According to the comparative results of power quality evaluation indicators shown in Fig. 7, the overall performance of the distribution network significantly improved after precision upgrade. The maximum voltage deviation (UDI) decreased by 63.3% (Fig. 7a), the average voltage fluctuation rate (UFR) reduced by 62.5% (Fig. 7b), and the average voltage violation probability (PVP) dropped to 0 (Fig. 7c) compared to pre-upgrade values. These results demonstrate that the upgrade effectively reduced voltage fluctuations, improved voltage stability, and completely eliminated voltage violations. The comprehensive power quality score (SPQ) increased from 0.743 before upgrade to 0.884 after upgrade (Fig. 7d), representing a 19% improvement that exceeded the threshold score of 0.75, indicating no further upgrade is required. These improvements primarily resulted from optimized network topology through rational line layout adjustments and switch configurations, which enhanced the network’s flexibility, adaptability and stability.

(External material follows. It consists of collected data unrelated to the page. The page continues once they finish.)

theorem global_mean_hitting_weighted_walk:
  "global_mean_hitting (weighted_walk w) =
     (\<Sum>z\<in>UNIV. weighted_degree w z) / (real CARD('n) - 1) * (\<Sum>k = 2..CARD('n). 1 / \<theta> k)"
proof -
  let ?S = "\<Sum>z\<in>UNIV. weighted_degree w z"
  have "(\<Sum>j\<in>UNIV. (\<Sum>k = 2..CARD('n). (1 / \<theta> k) *
      (?S * \<phi> k j ^ 2 - \<phi> k j * (\<Sum>z\<in>UNIV. weighted_degree w z * \<phi> k z))))
      = (\<Sum>k = 2..CARD('n). (1 / \<theta> k) * (?S * (\<Sum>j\<in>UNIV. \<phi> k j * \<phi> k j)
          - (\<Sum>j\<in>UNIV. \<phi> k j) * (\<Sum>z\<in>UNIV. weighted_degree w z * \<phi> k z)))"
  proof (subst sum.swap, intro sum.cong refl)
    fix k
    show "(\<Sum>j\<in>UNIV. c * (?S * \<phi> k j ^ 2 - \<phi> k j * u))
        = c * (?S * (\<Sum>j\<in>UNIV. \<phi> k j * \<phi> k j) - (\<Sum>j\<in>UNIV. \<phi> k j) * u)" for c u
      by (simp add: sum_distrib_left sum_distrib_right sum_subtractf power2_eq_square algebra_simps)
  qed
  also have "\<dots> = ?S * (\<Sum>k = 2..CARD('n). 1 / \<theta> k)"
    using orthonormal eigvec_sum_zero
    by (simp add: sum_distrib_left sum_divide_distrib)
  finally have sum_j: "(\<Sum>j\<in>UNIV. (\<Sum>k = 2..CARD('n). (1 / \<theta> k) *
      (?S * \<phi> k j ^ 2 - \<phi> k j * (\<Sum>z\<in>UNIV. weighted_degree w z * \<phi> k z))))
      = ?S * (\<Sum>k = 2..CARD('n). 1 / \<theta> k)" .
  have row: "(\<Sum>j \<in> {j. j \<noteq> i}. hitting_time (weighted_walk w) i j)
      = (\<Sum>j\<in>UNIV. spectral_hitting_time i j)" for i
    using sum_split_off[of "spectral_hitting_time i" i]
    by (simp add: hitting_time_weighted_walk spectral_hitting_time_self)
  have "(\<Sum>i\<in>UNIV. \<Sum>j \<in> {j. j \<noteq> i}. hitting_time (weighted_walk w) i j)
      = (\<Sum>j\<in>UNIV. \<Sum>i\<in>UNIV. spectral_hitting_time i j)"
    unfolding row by (rule sum.swap)
  also have "\<dots> = real CARD('n) * (?S * (\<Sum>k = 2..CARD('n). 1 / \<theta> k))"
    by (simp only: sum_spectral_hitting_time sum_distrib_left[symmetric] sum_j)
  finally show ?thesis
    using two_le_card by (simp add: global_mean_hitting_def field_simps)
qed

Through comparative analysis of power quality before and after upgrade in Fig. 8, the following conclusions can be drawn: The renovated distribution network shows significant improvement in voltage deviation and voltage fluctuation. Specifically, as shown in Fig. 8a, the voltage deviation (UDI) curve after upgrade becomes smoother, with its maximum voltage deviation average decreasing by 64.1% compared to pre-upgrade, significantly enhancing voltage stability. Fig. 8b demonstrates the voltage fluctuation rate (UFR) after upgrade, with its average value reduced by 65.1% from pre-upgrade levels, effectively decreasing voltage volatility and thereby improving power quality. Furthermore, Fig. 8c shows the average voltage violation probability (PVV) after upgrade decreased by 100%, indicating the upgrade measures completely eliminated voltage violation events and significantly improved distribution network reliability. In summary, the proposed upgrade method achieved remarkable results in reducing voltage deviation, decreasing voltage fluctuation, and lowering voltage violation probability, effectively enhancing the overall power quality of the distribution network.

5.4 Comparative Analysis of Different Optimization Algorithms

To evaluate the performance of the proposed AFM-PSO algorithm, it is compared with genetic algorithm (GA) [31], traditional PSO [32], and sparrow search algorithm (SSA) [33]. The accurate renovation model established in this study is a multi-objective optimization problem. For ease of solution, the weighted sum method is adopted to convert it into a single-objective problem. The four algorithms are applied to solve the accurate renovation model of the distribution network, and the variations in the fitness values of the comprehensive objective and each sub-objective during the iterative process are shown in Fig. 9.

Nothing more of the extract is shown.